10

Is there any package which i can use to to remove proper nouns from a sentence using Python?

I know of a few packages like NLTK, Stanford and Text Blob which does the job(removes names) but they also remove a lot of words which start with a capital letter but are not proper nouns.

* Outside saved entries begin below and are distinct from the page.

lemma distributed_inner_indep_normal:
  fixes Y :: "'a \<Rightarrow> real^'m" and a \<mu> :: "real^'m"
  assumes \<sigma>: "\<sigma> > 0" and "a \<noteq> 0"
    and indep: "indep_vars (\<lambda>_. borel) (\<lambda>i \<omega>. Y \<omega> $ i) UNIV"
    and normal: "\<And>i. distributed M lborel (\<lambda>\<omega>. Y \<omega> $ i) (normal_density (\<mu> $ i) \<sigma>)"
  shows "distributed M lborel (\<lambda>\<omega>. a \<bullet> Y \<omega>) (normal_density (a \<bullet> \<mu>) (\<sigma> * norm a))"
proof -
  define I where "I = {i. a $ i \<noteq> 0}"
  have "I \<noteq> {}"
    using \<open>a \<noteq> 0\<close> by (auto simp: I_def vec_eq_iff)
  have inner_I: "a \<bullet> v = (\<Sum>i\<in>I. a $ i * v $ i)" for v :: "real^'m"
    unfolding inner_vec_def inner_real_def by (rule sum.mono_neutral_right) (auto simp: I_def)
  have "distributed M lborel (\<lambda>\<omega>. \<Sum>i\<in>I. a $ i * Y \<omega> $ i)
      (normal_density (\<Sum>i\<in>I. a $ i * \<mu> $ i) (sqrt (\<Sum>i\<in>I. (\<bar>a $ i\<bar> * \<sigma>)\<^sup>2)))"
  proof (rule sum_indep_normal)
    show "indep_vars (\<lambda>_. borel) (\<lambda>i \<omega>. a $ i * Y \<omega> $ i) I"
      using indep_vars_compose2[OF indep_vars_subset[OF indep, of I], of "\<lambda>i v. a $ i * v" "\<lambda>_. borel"]
      by simp
    show "distributed M lborel (\<lambda>\<omega>. a $ i * Y \<omega> $ i) (normal_density (a $ i * \<mu> $ i) (\<bar>a $ i\<bar> * \<sigma>))"
      if "i \<in> I" for i
      using normal_density_affine[OF normal \<sigma>, of "a $ i" 0] that by (simp add: I_def)
  qed (use \<open>I \<noteq> {}\<close> \<sigma> in \<open>auto simp: I_def\<close>)
  moreover have "(\<Sum>i\<in>I. (\<bar>a $ i\<bar> * \<sigma>)\<^sup>2) = \<sigma>\<^sup>2 * (a \<bullet> a)"
    by (simp add: inner_I power_mult_distrib power2_eq_square sum_distrib_left mult_ac)
  then have "sqrt (\<Sum>i\<in>I. (\<bar>a $ i\<bar> * \<sigma>)\<^sup>2) = \<sigma> * norm a"
    using \<sigma> by (simp add: norm_eq_sqrt_inner real_sqrt_mult)
  ultimately show ?thesis
    by (simp add: inner_I)
qed

lemma distributed_sum_inner_iid_normal:
  fixes Y :: "nat \<Rightarrow> 'a \<Rightarrow> real^'m" and a \<mu> :: "real^'m"
  assumes \<sigma>: "\<sigma> > 0" and "a \<noteq> 0" and I: "finite I" "I \<noteq> {}"
    and indep: "indep_vars (\<lambda>_. borel) Y I"
    and indep_comp: "\<And>l. l \<in> I \<Longrightarrow> indep_vars (\<lambda>_. borel) (\<lambda>i \<omega>. Y l \<omega> $ i) UNIV"
    and normal: "\<And>l i. l \<in> I \<Longrightarrow> distributed M lborel (\<lambda>\<omega>. Y l \<omega> $ i) (normal_density (\<mu> $ i) \<sigma>)"
  shows "distributed M lborel (\<lambda>\<omega>. \<Sum>l\<in>I. a \<bullet> Y l \<omega>)
           (normal_density (real (card I) * (a \<bullet> \<mu>)) (sqrt (real (card I)) * \<sigma> * norm a))"
proof -
  have "distributed M lborel (\<lambda>\<omega>. \<Sum>l\<in>I. a \<bullet> Y l \<omega>)
     (normal_density (\<Sum>l\<in>I. a \<bullet> \<mu>) (sqrt (\<Sum>l\<in>I. (\<sigma> * norm a)\<^sup>2)))"
  proof (rule sum_indep_normal[OF I])
    show "indep_vars (\<lambda>_. borel) (\<lambda>l \<omega>. a \<bullet> Y l \<omega>) I"
      using indep_vars_compose2[OF indep, of "\<lambda>_ v. a \<bullet> v" "\<lambda>_. borel"] by simp
  qed (use \<sigma> \<open>a \<noteq> 0\<close> distributed_inner_indep_normal[OF \<sigma> \<open>a \<noteq> 0\<close> indep_comp normal] in auto)
  then show ?thesis
    using \<sigma> by (simp add: real_sqrt_mult mult.assoc)
qed

lemma measure_indep_rv:
  assumes "indep_rv M S X R Y" and "A \<in> sets S" and "B \<in> sets R"
  shows "prob {\<omega>\<in>space M. X \<omega> \<in> A \<and> Y \<omega> \<in> B}
       = prob {\<omega>\<in>space M. X \<omega> \<in> A} * prob {\<omega>\<in>space M. Y \<omega> \<in> B}"
proof -
  have "indep_set (sigma_sets (space M) {X -` A \<inter> space M | A. A \<in> sets S})
          (sigma_sets (space M) {Y -` B \<inter> space M | B. B \<in> sets R})"
    using assms(1) by (simp add: indep_rv_def)
  then have "prob ((X -` A \<inter> space M) \<inter> (Y -` B \<inter> space M))
           = prob (X -` A \<inter> space M) * prob (Y -` B \<inter> space M)"
    by (rule indep_setD[OF _ sigma_sets.Basic sigma_sets.Basic]) (use assms in auto)
  moreover have "(X -` A \<inter> space M) \<inter> (Y -` B \<inter> space M) = {\<omega>\<in>space M. X \<omega> \<in> A \<and> Y \<omega> \<in> B}"
    by auto
  ultimately show ?thesis
    by (simp add: Int_def conj_commute)
qed

lemma indep_rvI:
  assumes X: "X \<in> measurable M S" and Y: "Y \<in> measurable M R"
    and prod: "\<And>A B. A \<in> sets S \<Longrightarrow> B \<in> sets R \<Longrightarrow>
      prob {\<omega>\<in>space M. X \<omega> \<in> A \<and> Y \<omega> \<in> B}
      = prob {\<omega>\<in>space M. X \<omega> \<in> A} * prob {\<omega>\<in>space M. Y \<omega> \<in> B}"
  shows "indep_rv M S X R Y"
  unfolding indep_rv_def
proof (intro conjI X Y indep_set_sigma_sets[OF _ Int_stable_vimage Int_stable_vimage] indep_setI)
  show "{X -` A \<inter> space M | A. A \<in> sets S} \<subseteq> events"
    using measurable_sets[OF X] by auto
  show "{Y -` B \<inter> space M | B. B \<in> sets R} \<subseteq> events"
    using measurable_sets[OF Y] by auto
  fix a b
  assume "a \<in> {X -` A \<inter> space M | A. A \<in> sets S}" "b \<in> {Y -` B \<inter> space M | B. B \<in> sets R}"
  then obtain A B where "A \<in> sets S" "a = {\<omega>\<in>space M. X \<omega> \<in> A}"
    and "B \<in> sets R" "b = {\<omega>\<in>space M. Y \<omega> \<in> B}"
    by blast
  moreover from this have "a \<inter> b = {\<omega>\<in>space M. X \<omega> \<in> A \<and> Y \<omega> \<in> B}"
    by auto
  ultimately show "prob (a \<inter> b) = prob a * prob b"
    using prod by simp
qed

Also, i cannot have a dictionary of names because it'll be huge and will keep extending as the data keeps populating in the DB.

Pri
  • 123
  • 1
  • 1
  • 5
  • this might help: http://stackoverflow.com/questions/17669952/finding-proper-nouns-using-nltk-wordnet – Neeraj Kumar Sep 22 '16 at 08:48
  • Marking this as duplicate (you asked same question yesterday): http://stackoverflow.com/q/39610137/6313992 – Tomasz Plaskota Sep 22 '16 at 08:49
  • Hi Neeraj, this does what i explained. It considers even the words starting with a capital letter as a proper nouns, words which are not even proper nouns – Pri Sep 22 '16 at 09:12
  • Do you just want to remove single words? or what about named entities? – Nathan McCoy Sep 22 '16 at 09:19
  • I'd be tempted to use a dictionary web service to lookup the words and if they don't fall into noun, verb, adjective, etc, they are nouns... Not sure how I'd go about implementing it though. As you said, the dictionary would be huge but it does exist already to an extent. – XtrmJosh Sep 22 '16 at 09:32
  • added answer, should work for single words, but [NER](https://en.wikipedia.org/wiki/Named-entity_recognition) is a research topic in itself – Nathan McCoy Sep 22 '16 at 09:40

1 Answers1

13

If you want to just remove single words that are proper nouns, you can use nltk and tag your sentence in question, then remove all words with the tags that are proper nouns.

>>> import nltk
>>> nltk.tag.pos_tag("I am named John Doe".split())
[('I', 'PRP'), ('am', 'VBP'), ('named', 'VBN'), ('John', 'NNP'), ('Doe', 'NNP')]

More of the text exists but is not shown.